Methods: The study comprised 2,893 participants aged 12-18 years from four longitudinal cohort studies from the United States (Bogalusa Heart Study and the Insulin Study), Australia (Childhood Determinants of Adult Health Study) and Finland (The Cardiovascular Risk in Young Finns Study) and followed into adulthood when cIMT was measured (mean follow-up 23.4 years). Overweight status was defined according to the Cole classification. Hypertension was defined according to the Fourth Report on High Blood Pressure in Children and Adolescents from the National High Blood Pressure Education Program. High-risk plasma lipid levels were defined according to the National Cholesterol Education Program (NCEP) Expert Panel on Cholesterol Levels in Children. High cIMT was defined as a study-specific value ≥ 90th percentile. Age-and sex were included in each model.

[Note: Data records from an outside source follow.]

text \<open>For \<open>t > 0\<close> the value \<open>enn2real \<infinity> = 0\<close> never occurs when the Lorentz norm is finite
  (\<open>lorentz_level_finite\<close>).\<close>
definition lorentz_profile :: "'a measure \<Rightarrow> real \<Rightarrow> ('a \<Rightarrow> real) \<Rightarrow> real \<Rightarrow> real" where
  "lorentz_profile M p h t = enn2real (emeasure M {x\<in>space M. t < \<bar>h x\<bar>}) powr (1 / p)"

lemma young_function_nonneg: "young_function \<Phi> \<Longrightarrow> 0 \<le> t \<Longrightarrow> 0 \<le> \<Phi> t"
  and young_function_pos: "young_function \<Phi> \<Longrightarrow> 0 < t \<Longrightarrow> 0 < \<Phi> t"
  and young_function_zero: "young_function \<Phi> \<Longrightarrow> \<Phi> 0 = 0"
  and young_function_convex: "young_function \<Phi> \<Longrightarrow> convex_on {0..} \<Phi>"
  unfolding young_function_def by auto

lemma young_function_scale:
  assumes Y: "young_function \<Phi>" and "0 \<le> u" "u \<le> 1" "0 \<le> t"
  shows "\<Phi> (u * t) \<le> u * \<Phi> t"
proof -
  have "\<Phi> ((1 - u) *\<^sub>R 0 + u *\<^sub>R t) \<le> (1 - u) * \<Phi> 0 + u * \<Phi> t"
    using young_function_convex[OF Y] assms by (intro convex_onD) auto
  then show ?thesis using young_function_zero[OF Y] by simp
qed

lemma young_function_mono:
  assumes Y: "young_function \<Phi>" and "0 \<le> s" "s \<le> t"
  shows "\<Phi> s \<le> \<Phi> t"
proof (cases "t = 0")
  case True then show ?thesis using assms by simp
next
  case False
  then have t: "t > 0" using assms by simp
  have "\<Phi> ((s/t) * t) \<le> (s/t) * \<Phi> t"
    using assms t by (intro young_function_scale) auto
  also have "\<dots> \<le> \<Phi> t" using assms t young_function_nonneg[OF Y, of t]
    by (intro mult_left_le_one_le) auto
  finally show ?thesis using t by simp
qed

lemma young_function_supporting_line:
  assumes Y: "young_function \<Phi>" and m: "0 \<le> m"
  obtains c where "\<And>y. 0 \<le> y \<Longrightarrow> \<Phi> m + c * (y - m) \<le> \<Phi> y"
proof (cases "m = 0")
  case True
  then show ?thesis
    using that[of 0] young_function_zero[OF Y] young_function_nonneg[OF Y] by auto
next
  case False
  then have "m \<in> interior {0..}" using m by auto
  then show ?thesis
    using that convex_le_Inf_differential[OF young_function_convex[OF Y]] by auto
qed

lemma borel_measurable_young_function_comp:
  assumes Y: "young_function \<Phi>" and X: "X \<in> borel_measurable P"
    and nonneg: "\<And>x. x \<in> space P \<Longrightarrow> 0 \<le> X x"
  shows "(\<lambda>x. \<Phi> (X x)) \<in> borel_measurable P"
proof -
  have "(\<lambda>x. \<Phi> (max 0 x)) \<in> borel_measurable borel"
    by (rule borel_measurable_mono) (auto simp: mono_def intro: young_function_mono[OF Y])
  from measurable_compose[OF X this] show ?thesis
    by (rule measurable_cong[THEN iffD1, rotated]) (use nonneg in auto)
qed

lemma young_function_jensen:
  assumes Y: "young_function \<Phi>" and "prob_space P"
    and X: "X \<in> borel_measurable P" and nonneg: "\<And>x. x \<in> space P \<Longrightarrow> 0 \<le> X x"
    and mean: "(\<integral>\<^sup>+x. ennreal (X x) \<partial>P) = ennreal m" and m: "0 \<le> m"
  shows "ennreal (\<Phi> m) \<le> (\<integral>\<^sup>+x. ennreal (\<Phi> (X x)) \<partial>P)"
proof (cases "(\<integral>\<^sup>+x. ennreal (\<Phi> (X x)) \<partial>P) = \<infinity>")
  case False
  interpret prob_space P by fact
  obtain c where c: "\<And>y. 0 \<le> y \<Longrightarrow> \<Phi> m + c * (y - m) \<le> \<Phi> y"
    using young_function_supporting_line[OF Y m] by blast
  have PX: "(\<lambda>x. \<Phi> (X x)) \<in> borel_measurable P"
    using borel_measurable_young_function_comp[OF Y X] nonneg .
  have PX_nonneg: "\<And>x. x \<in> space P \<Longrightarrow> 0 \<le> \<Phi> (X x)"
    using nonneg young_function_nonneg[OF Y] by blast
  have int_X: "integrable P X"
    using X nonneg mean by (intro integrableI_nn_integral_finite[where x=m]) auto
  have EX: "expectation X = m"
    using integral_eq_nn_integral[OF X] nonneg mean m by auto
  obtain r where r: "(\<integral>\<^sup>+x. ennreal (\<Phi> (X x)) \<partial>P) = ennreal r" "0 \<le> r"
    using False by (cases "(\<integral>\<^sup>+x. ennreal (\<Phi> (X x)) \<partial>P)") auto
  have int_PX: "integrable P (\<lambda>x. \<Phi> (X x))"
    using PX PX_nonneg r by (intro integrableI_nn_integral_finite[where x=r]) auto
  have "\<Phi> m = expectation (\<lambda>x. \<Phi> m + c * (X x - m))"
    using int_X EX prob_space by (simp add: algebra_simps)
  also have "\<dots> \<le> expectation (\<lambda>x. \<Phi> (X x))"
    using int_X int_PX nonneg c by (intro integral_mono) auto
  also have "ennreal \<dots> = (\<integral>\<^sup>+x. ennreal (\<Phi> (X x)) \<partial>P)"
    using int_PX PX_nonneg by (intro nn_integral_eq_integral[symmetric]) auto
  finally show ?thesis by (simp add: ennreal_leI)
qed simp
text \<open>
  Goering's step: \<open>S\<close> separates \<open>A\<close> from \<open>B\<close> in \<open>G - e\<close> but not in \<open>G\<close>, so \<open>e = xy\<close> with
  \<open>x\<close> on the \<open>A\<close>-side and \<open>y\<close> on the \<open>B\<close>-side. By induction \<open>G - e\<close> links \<open>A\<close> to \<open>S + x\<close> and
  \<open>S + y\<close> to \<open>B\<close> by \<open>k\<close> paths each; these meet only in \<open>S\<close> and glue, together with \<open>e\<close>,
  to \<open>k\<close> disjoint \<open>A\<close>-\<open>B\<close> paths.
\<close>
lemma menger_step:
  assumes IH: "\<And>A B. (\<And>X. X \<subseteq> V \<Longrightarrow> card X < k \<Longrightarrow> connects E' (V - X) A B)
      \<Longrightarrow> \<exists>P. linkage E' V A B P \<and> card P = k"
    and conn: "\<And>X. X \<subseteq> V \<Longrightarrow> card X < k \<Longrightarrow> connects E (V - X) A B"
    and E: "E \<subseteq> insert {x0, y0} E'" "E' \<subseteq> E" "{x0, y0} \<in> E"
    and S: "finite S" "S \<subseteq> V" "card S < k" "\<not> connects E' (V - S) A B"
  shows "\<exists>P. linkage E V A B P \<and> card P = k"
proof -
  obtain x y where xy: "{x, y} = {x0, y0}" "connects E' (V - S) A {x}" "\<not> connects E' (V - S) A {y}"
      "connects E' (V - S) {y} B" "\<not> connects E' (V - S) {x} B"
    using cut_edge_orient[OF conn[OF S(2,3)] S(4) E(1)] by blast
  have "x \<notin> S" "y \<notin> S"
    using xy(2,4) reachable_in unfolding connects_def by fastforce+
  have "connects E' (V - X) A (insert x S)" if "X \<subseteq> V" "card X < k" for X
    using connects_avoiding[OF conn[OF that] S(4) xy(3)] E(1) xy(1) by simp
  then obtain P1 where P1: "linkage E' V A (insert x S) P1" "card P1 = k" using IH by blast
  have "connects E' (V - X) (insert y S) B" if "X \<subseteq> V" "card X < k" for X
    using connects_avoiding[where A=B and B=A and x=y and y=x] conn[OF that] S(4) xy(5) E(1) xy(1)
    by (simp add: connects_sym insert_commute)
  then obtain P2 where P2: "linkage E' V (insert y S) B P2" "card P2 = k" using IH by blast
  obtain Q1 where Q1: "linkage E' V A (insert x S) Q1" "card Q1 = k" "\<forall>p\<in>Q1. set p \<inter> insert x S = {last p}"
    using linkage_trim_end[OF P1(1)] P1(2) by auto
  obtain Q2 where Q2: "linkage E' V (insert y S) B Q2" "card Q2 = k" "\<forall>q\<in>Q2. set q \<inter> insert y S = {hd q}"
    using linkage_trim_start[OF P2(1)] P2(2) by auto
  have card_le: "card (insert v S) \<le> k" for v using S(1,3) card_insert_le_m1 by (simp add: card_insert_if)
  have last: "bij_betw last Q1 (insert x S)"
    using Q1 card_le S(1) by (intro bij_betw_vertex_choice) (auto simp: linkage_def)
  have hd: "bij_betw hd Q2 (insert y S)"
    using Q2 card_le S(1) by (intro bij_betw_vertex_choice) (auto simp: linkage_def)
  have cross: "z = last p \<and> z = hd q"
    if "p \<in> Q1" "q \<in> Q2" "z \<in> set p" "z \<in> set q" for p q z
    by (rule linkage_crossing[OF Q1(1,3) Q2(1,3) xy(2,4) S(4) that])
  have "{x, y} \<in> E" using E(3) xy(1) by simp
  with linkage_join[OF Q1(1) Q2(1) last hd cross \<open>x \<notin> S\<close> \<open>y \<notin> S\<close>] E(2)
  obtain P where "linkage E V A B P" "card P = card (insert x S)" by blast
  moreover have "card (insert x S) = k" using bij_betw_same_card[OF last] Q1(2) by simp
  ultimately show ?thesis by blast
qed
lemma coxW_eq:
  "coxW m = range (\<lambda>k. rot2 (cox_angle m k)) \<union> range (\<lambda>k. refl2 (cox_angle m k))"
proof
  show "coxW m \<subseteq> range (\<lambda>k. rot2 (cox_angle m k)) \<union> range (\<lambda>k. refl2 (cox_angle m k))"
  proof
    fix w assume "w \<in> coxW m"
    then show "w \<in> range (\<lambda>k. rot2 (cox_angle m k)) \<union> range (\<lambda>k. refl2 (cox_angle m k))"
    proof (induction rule: coxW.induct)
      case one
      have "mat 1 = rot2 (cox_angle m 0)" by (simp add: cox_angle_def rot2_0)
      then show ?case by blast
    next
      case (S w)
      then obtain k where "w = rot2 (cox_angle m k) \<or> w = refl2 (cox_angle m k)" by blast
      then have "refl_s ** w = refl2 (cox_angle m (- k)) \<or> refl_s ** w = rot2 (cox_angle m (- k))"
        by (auto simp: refl_s_eq refl2_mult_rot2 refl2_mult_refl2 cox_angle_uminus)
      then show ?case by blast
    next
      case (T w)
      then obtain k where "w = rot2 (cox_angle m k) \<or> w = refl2 (cox_angle m k)" by blast
      then have "refl_t m ** w = refl2 (cox_angle m (1 - k)) \<or> refl_t m ** w = rot2 (cox_angle m (1 - k))"
        by (auto simp: refl_t_eq_cox_angle refl2_mult_rot2 refl2_mult_refl2 cox_angle_diff)
      then show ?case by blast
    qed
  qed
qed (auto intro: rot2_in_coxW refl2_in_coxW)

lemma reflections_eq: "reflections m = range (\<lambda>k. refl2 (cox_angle m k))"
  by (auto simp: reflections_def coxW_eq is_reflection_refl2 not_is_reflection_rot2)

text \<open>Consecutive reflections \<open>refl2 (k\<theta>)\<close>, \<open>refl2 ((k+1)\<theta>)\<close> form a conjugate of the
  pair \<open>(s, t)\<close>: by the rotation through \<open>k\<theta>/2\<close> if \<open>k\<close> is even, and by the reflection
  \<open>refl2 ((k+1)\<theta>/2)\<close>, with the order of the pair reversed, if \<open>k\<close> is odd.\<close>
lemma consecutive_reflections_conjugate:
  obtains w w' where "w \<in> coxW m" "w' \<in> coxW m" "w' ** w = mat 1"
    "(w' ** refl_s ** w, w' ** refl_t m ** w) =
        (refl2 (cox_angle m k), refl2 (cox_angle m (k + 1)))
     \<or> (w' ** refl_s ** w, w' ** refl_t m ** w) =
        (refl2 (cox_angle m (k + 1)), refl2 (cox_angle m k))"
proof (cases "even k")
  case True
  then obtain i where k: "k = 2 * i" by (auto elim: evenE)
  let ?w = "rot2 (- cox_angle m i)" and ?w' = "rot2 (cox_angle m i)"
  have "?w' ** refl_s ** ?w = refl2 (cox_angle m k)"
    and "?w' ** refl_t m ** ?w = refl2 (cox_angle m (k + 1))"
    by (simp_all only: refl_s_eq refl_t_eq_cox_angle rot2_conj_refl2)
      (simp_all add: k cox_angle_add cox_angle_mult)
  moreover have "?w' ** ?w = mat 1"
    using rot2_neg_mult_rot2[of "- cox_angle m i"] by simp
  ultimately show ?thesis
    using that rot2_in_coxW[of m i] rot2_in_coxW[of m "- i"] by (simp add: cox_angle_uminus)
next
  case False
  then obtain j where k: "k + 1 = 2 * j" by (metis evenE even_plus_one_iff)
  then have k': "k = 2 * j - 1" by simp
  let ?w = "refl2 (cox_angle m j)"
  have "?w ** refl_s ** ?w = refl2 (cox_angle m (k + 1))"
    and "?w ** refl_t m ** ?w = refl2 (cox_angle m k)"
    by (simp_all only: refl_s_eq refl_t_eq_cox_angle refl2_conj_refl2)
      (simp_all add: k k' cox_angle_add cox_angle_diff cox_angle_mult)
  then show ?thesis
    using that refl2_in_coxW[of m j] refl2_mult_refl2_self by simp
qed

lemma cspan_base: "f \<in> S \<Longrightarrow> f \<in> cspan S"
  unfolding cspan_def by (intro CollectI exI[of _ "{f}"] exI[of _ "\<lambda>_. 1"]) auto

lemma cspan_add:
  assumes "f \<in> cspan S" "g \<in> cspan S"
  shows "(\<lambda>x. f x + g x) \<in> cspan S"
proof -
  obtain F c where F: "finite F" "F \<subseteq> S" "f = (\<lambda>x. \<Sum>h\<in>F. c h * h x)"
    using assms(1) unfolding cspan_def by blast
  obtain G d where G: "finite G" "G \<subseteq> S" "g = (\<lambda>x. \<Sum>h\<in>G. d h * h x)"
    using assms(2) unfolding cspan_def by blast
  define e where "e h = (if h \<in> F then c h else 0) + (if h \<in> G then d h else 0)" for h
  have "(\<lambda>x. f x + g x) = (\<lambda>x. \<Sum>h\<in>F \<union> G. e h * h x)"
  proof
    fix x
    have "(\<Sum>h\<in>F \<union> G. e h * h x) =
      (\<Sum>h\<in>F \<union> G. if h \<in> F then c h * h x else 0) + (\<Sum>h\<in>F \<union> G. if h \<in> G then d h * h x else 0)"
      by (simp add: e_def distrib_right flip: sum.distrib, intro sum.cong) simp_all
    also have "\<dots> = f x + g x"
      unfolding F(3) G(3) using F(1) G(1)
      by (intro arg_cong2[where f = "(+)"] sum.mono_neutral_cong_right) auto
    finally show "f x + g x = (\<Sum>h\<in>F \<union> G. e h * h x)" ..
  qed
  then show ?thesis
    unfolding cspan_def using F G by blast
qed
lemma prob_episode_sum_ge_le:
  assumes "\<forall>hs. (\<integral>\<^sup>+\<tau>. exp (\<Psi> hs \<tau>) \<partial>measure_pmf (gen P (pol hs) 1 H s1)) \<le> 1"
  shows "measure_pmf.prob (explore P s1 H pol n []) {hs. L \<le> episode_sum \<Psi> hs} \<le> exp (- L)"
proof -
  let ?M = "measure_pmf (explore P s1 H pol n [])"
  have "indicator {hs. L \<le> episode_sum \<Psi> hs} hs \<le> ennreal (exp (- L)) * exp (episode_sum \<Psi> hs)" for hs
  proof (cases "L \<le> episode_sum \<Psi> hs")
    case True
    then have "1 \<le> exp (- L) * exp (episode_sum \<Psi> hs)" by (simp add: exp_add[symmetric])
    then show ?thesis using True by (simp add: ennreal_mult'[symmetric] ennreal_leI)
  qed simp
  then have "emeasure ?M {hs. L \<le> episode_sum \<Psi> hs} \<le> (\<integral>\<^sup>+hs. ennreal (exp (- L)) * exp (episode_sum \<Psi> hs) \<partial>?M)"
    by (simp add: nn_integral_mono flip: nn_integral_indicator)
  also have "\<dots> = ennreal (exp (- L)) * (\<integral>\<^sup>+hs. exp (episode_sum \<Psi> hs) \<partial>?M)"
    by (simp add: nn_integral_cmult)
  also have "\<dots> \<le> ennreal (exp (- L)) * exp (episode_sum \<Psi> [])"
    using nn_integral_exp_episode_sum_explore[OF assms] by (intro mult_left_mono) auto
  also have "\<dots> = ennreal (exp (- L))" by (simp add: episode_sum_def)
  finally show ?thesis by (simp add: measure_pmf.emeasure_eq_measure ennreal_le_iff)
qed

text \<open>Hoeffding's lemma; the library version needs \<open>c > 0\<close>, so \<open>c < 0\<close> goes through \<open>-V\<close>.\<close>

lemma nn_integral_exp_centered_le_1:
  fixes p :: "'s::finite pmf"
  assumes V: "\<forall>s'. 0 \<le> V s' \<and> V s' \<le> real H" and m: "m = (\<Sum>x\<in>UNIV. pmf p x * V x)"
  shows "(\<integral>\<^sup>+s'. exp (c * (V s' - m) - (real H)\<^sup>2 / 8 * c\<^sup>2) \<partial>measure_pmf p) \<le> 1"
proof -
  have hoeffding: "(\<integral>\<^sup>+s'. exp (l * (W s' - (\<Sum>x\<in>UNIV. pmf p x * W x))) \<partial>measure_pmf p)
      \<le> exp (l\<^sup>2 * (real H)\<^sup>2 / 8)"
    if W: "\<forall>s'. lo \<le> W s' \<and> W s' \<le> lo + real H" and "0 < l" for W lo l
  proof -
    interpret interval_bounded_random_variable "measure_pmf p" W lo "lo + real H"
      by unfold_locales (use W in auto)
    have "measure_pmf.expectation p W = (\<Sum>x\<in>UNIV. pmf p x * W x)"
      by (subst integral_measure_pmf_real[of UNIV]) (auto simp: mult.commute)
    then show ?thesis using Hoeffdings_lemma_nn_integral[OF \<open>0 < l\<close>] by simp
  qed
  have mgf: "(\<integral>\<^sup>+s'. exp (c * (V s' - m)) \<partial>measure_pmf p) \<le> exp (c\<^sup>2 * (real H)\<^sup>2 / 8)"
  proof (cases c "0::real" rule: linorder_cases)
    case less
    have "\<forall>s'. - real H \<le> - V s' \<and> - V s' \<le> - real H + real H" using V by auto
    from hoeffding[OF this, where l = "- c"] less show ?thesis
      by (simp add: m sum_negf algebra_simps)
  next
    case equal
    then show ?thesis by (simp add: measure_pmf.emeasure_space_1)
  next
    case greater
    from hoeffding[where W = V and lo = 0 and l = c] V greater show ?thesis by (simp add: m)
  qed
  have split: "ennreal (exp (c * (V s' - m) - (real H)\<^sup>2 / 8 * c\<^sup>2))
      = ennreal (exp (- ((real H)\<^sup>2 / 8 * c\<^sup>2))) * exp (c * (V s' - m))" for s'
    by (subst ennreal_mult'[symmetric]) (simp_all add: exp_add[symmetric])
  have "(\<integral>\<^sup>+s'. exp (c * (V s' - m) - (real H)\<^sup>2 / 8 * c\<^sup>2) \<partial>measure_pmf p)
      = ennreal (exp (- ((real H)\<^sup>2 / 8 * c\<^sup>2))) * (\<integral>\<^sup>+s'. exp (c * (V s' - m)) \<partial>measure_pmf p)"
    unfolding split by (rule nn_integral_cmult) simp
  also have "\<dots> \<le> ennreal (exp (- ((real H)\<^sup>2 / 8 * c\<^sup>2))) * exp (c\<^sup>2 * (real H)\<^sup>2 / 8)"
    by (intro mult_left_mono mgf) auto
  also have "\<dots> = 1"
    by (simp add: exp_add[symmetric] flip: ennreal_mult')
  finally show ?thesis .
qed

section \<open>A finite net of a cube\<close>

definition grid :: "real \<Rightarrow> nat \<Rightarrow> real set" where
  "grid eps J = (\<lambda>j. eps * of_int j) ` {- int J..int J}"

definition cube_grid :: "real \<Rightarrow> nat \<Rightarrow> (real^'d) set" where
  "cube_grid eps J = {z. \<forall>i. z $ i \<in> grid eps J}"

lemma cube_grid_eq_image: "cube_grid eps J = (\<lambda>f. \<chi> i. f i) ` (PiE UNIV (\<lambda>_. grid eps J))"
proof (intro set_eqI iffI)
  fix z :: "real^'d" assume "z \<in> cube_grid eps J"
  then have "(\<lambda>i. z $ i) \<in> PiE UNIV (\<lambda>_. grid eps J)" by (auto simp: cube_grid_def)
  then show "z \<in> (\<lambda>f. \<chi> i. f i) ` (PiE UNIV (\<lambda>_. grid eps J))" by force
qed (auto simp: cube_grid_def PiE_def Pi_def)

lemma finite_cube_grid: "finite (cube_grid eps J :: (real^'d) set)"
  unfolding cube_grid_eq_image by (intro finite_imageI finite_PiE) (simp_all add: grid_def)

lemma card_cube_grid_le: "card (cube_grid eps J :: (real^'d) set) \<le> (2 * J + 1) ^ CARD('d)"
proof -
  have "card (grid eps J) \<le> card {- int J..int J}" unfolding grid_def by (rule card_image_le) simp
  then have "card (grid eps J) \<le> 2 * J + 1" by simp
  have "card (cube_grid eps J :: (real^'d) set) \<le> card (PiE (UNIV::'d set) (\<lambda>_. grid eps J))"
    unfolding cube_grid_eq_image by (rule card_image_le) (simp add: finite_PiE grid_def)
  also have "\<dots> = card (grid eps J) ^ CARD('d)" by (simp add: card_PiE)
  also have "\<dots> \<le> (2 * J + 1) ^ CARD('d)" by (rule power_mono) (fact, simp)
  finally show ?thesis .
qed

lemma card_cube_grid_pos: "0 < card (cube_grid eps J :: (real^'d) set)"
proof -
  have "(0::real^'d) \<in> cube_grid eps J"
    by (auto simp: cube_grid_def grid_def image_iff intro!: bexI[of _ 0])
  then show ?thesis using finite_cube_grid card_gt_0_iff by blast
qed

lemma round_in_range:
  assumes "\<bar>x\<bar> \<le> real J"
  shows "round x \<in> {- int J..int J}"
  using assms unfolding round_def by (auto, linarith+)

lemma cube_grid_approx:
  fixes w :: "real^'d"
  assumes "0 < eps" and "norm w \<le> real J * eps"
  shows "\<exists>z\<in>cube_grid eps J. (z - w) \<bullet> (z - w) \<le> real CARD('d) * eps\<^sup>2 / 4"
proof -
  define z where "z = (\<chi> i. eps * of_int (round (w $ i / eps)) :: real^'d)"
  have "z $ i \<in> grid eps J" for i
  proof -
    have "\<bar>w $ i\<bar> \<le> real J * eps" using component_le_norm_cart[of w i] assms(2) by linarith
    then have "\<bar>w $ i / eps\<bar> \<le> real J" using \<open>0 < eps\<close> by (simp add: abs_div pos_divide_le_eq)
    from round_in_range[OF this] show ?thesis by (auto simp: z_def grid_def)
  qed
  then have "z \<in> cube_grid eps J" by (simp add: cube_grid_def)
  have "(z $ i - w $ i)\<^sup>2 \<le> eps\<^sup>2 / 4" for i
  proof -
    have "\<bar>of_int (round (w $ i / eps)) - w $ i / eps\<bar> \<le> 1/2" by (rule of_int_round_abs_le)
    then have "\<bar>eps * (of_int (round (w $ i / eps)) - w $ i / eps)\<bar> \<le> eps * (1/2)"
      using \<open>0 < eps\<close> by (simp add: abs_mult)
    then have "\<bar>z $ i - w $ i\<bar> \<le> eps / 2" using \<open>0 < eps\<close> by (simp add: z_def algebra_simps)
    then have "\<bar>z $ i - w $ i\<bar>\<^sup>2 \<le> (eps / 2)\<^sup>2" by (intro power_mono) auto
    then show ?thesis by (simp add: power_divide)
  qed
  then have "(z - w) \<bullet> (z - w) \<le> (\<Sum>i\<in>(UNIV::'d set). eps\<^sup>2 / 4)"
    unfolding inner_vec_def by (intro sum_mono) (simp add: power2_eq_square)
  with \<open>z \<in> cube_grid eps J\<close> show ?thesis by auto
qed
lemma discrete_weak_integrand_finite_window:
  assumes tf: "test_function \<phi> phx pht" and h: "h > 0"
    and ts: "strict_mono ts" "ts 0 = 0" "filterlim ts at_top sequentially"
  obtains k0 M N where
    "\<And>z. 0 \<le> snd z \<Longrightarrow> \<not> (time_index ts (snd z) < N \<and> k0 \<le> cell_index h c (fst z)
        \<and> cell_index h c (fst z) < k0 + int M) \<Longrightarrow> discrete_weak_integrand phx pht h c ts V F z = 0"
    "\<And>t. \<phi> (midpt h c k0, t) = 0" "\<And>t. \<phi> (midpt h c (k0 + int M), t) = 0"
    "\<And>x. \<phi> (x, ts 0) = 0" "\<And>x. \<phi> (x, ts N) = 0"
proof -
  obtain R \<delta> T where R: "0 \<le> R" and \<delta>: "0 < \<delta>"
    and supp: "\<And>x t. \<phi> (x, t) \<noteq> 0 \<Longrightarrow> \<bar>x\<bar> \<le> R \<and> \<delta> \<le> t \<and> t \<le> T"
      "\<And>x t. pht (x, t) \<noteq> 0 \<Longrightarrow> \<bar>x\<bar> \<le> R \<and> \<delta> \<le> t \<and> t \<le> T"
      "\<And>x t. phx (x, t) \<noteq> 0 \<Longrightarrow> \<bar>x\<bar> \<le> R \<and> \<delta> \<le> t \<and> t \<le> T"
    using test_function_support[OF tf] by metis
  obtain N where N: "T < ts N"
    using ts(3) by (auto simp: filterlim_at_top_dense eventually_sequentially)
  obtain k0 where "of_int k0 < (- R - h - c) / h"
    using ex_of_int_less by blast
  moreover obtain k1 where "(R + h - c) / h < of_int k1"
    using ex_less_of_int by blast
  ultimately have left: "midpt h c k0 < - R - h" and right: "R + h < midpt h c k1"
    using h unfolding midpt_def by (simp_all add: field_simps)
  then have "k0 \<le> k1"
    using midpt_mono[OF h, of k1 k0 c] R h by (cases "k1 \<le> k0") linarith+
  define M where "M = nat (k1 - k0)"
  have kM: "k0 + int M = k1"
    unfolding M_def using \<open>k0 \<le> k1\<close> by simp
  have "discrete_weak_integrand phx pht h c ts V F z = 0"
    if "0 \<le> snd z" and out: "\<not> (time_index ts (snd z) < N \<and> k0 \<le> cell_index h c (fst z)
          \<and> cell_index h c (fst z) < k0 + int M)" for z
  proof (rule discrete_weak_integrand_eq_0[OF h ts _ _ \<open>0 \<le> snd z\<close>])
    show "\<And>x t. pht (x, t) \<noteq> 0 \<Longrightarrow> \<bar>x\<bar> \<le> R \<and> t \<le> T"
      and "\<And>x t. phx (x, t) \<noteq> 0 \<Longrightarrow> \<bar>x\<bar> \<le> R \<and> t \<le> T"
      using supp by blast+
    have "R + h < \<bar>midpt h c k\<bar>" if "k < k0 \<or> k1 \<le> k" for k
      using that left right midpt_mono[OF h, of k k0 c] midpt_mono[OF h, of k1 k c] by auto
    moreover have "T < snd z" if "N \<le> time_index ts (snd z)"
      using N strict_mono_less_eq[OF ts(1)] time_index_bounds[OF ts \<open>0 \<le> snd z\<close>] that
      by (meson less_le_trans order_trans)
    ultimately show "R + h < \<bar>midpt h c (cell_index h c (fst z))\<bar> \<or> T < snd z"
      using out kM by force
  qed
  moreover have "\<phi> (midpt h c k0, t) = 0" "\<phi> (midpt h c (k0 + int M), t) = 0" "\<phi> (x, ts 0) = 0" "\<phi> (x, ts N) = 0"
    for t x
    unfolding kM using supp(1) left right R h \<delta> N ts(2) by force+
  ultimately show thesis
    using that by blast
qed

Results: In univariate models all risk factors except for borderline high-and high triglycerides in adolescence were associated with high cIMT in adulthood. In multivariable models (RR [95% CI]), male sex (2.7 [2.0-2.6]), pre-hypertension (1.4 [1.0-1.9]), hypertension (1.9 [1.3-2.9]), overweight (2.0 [1.4-2.9]), obesity (3.7 [2.0-7.0]), borderline high LDL-cholesterol (1.6 [1.2-2.2]), high LDL-cholesterol (1.6 [1.1-2.1]) and borderline low HDL-cholesterol (1.4 [1.0-1.8]) remained significant predictors of high cIMT (P always < 0.05). The addition of lipids into the non-laboratory risk model slightly, but significantly, improved discrimination in predicting high cIMT compared with non-laboratory-based risk factors only (c-statistics for laboratory-based model 0.717 [95%CI 0.685-0.748] and for non-laboratory 0.698 [95%CI 0.667-0.731], P = 0.02).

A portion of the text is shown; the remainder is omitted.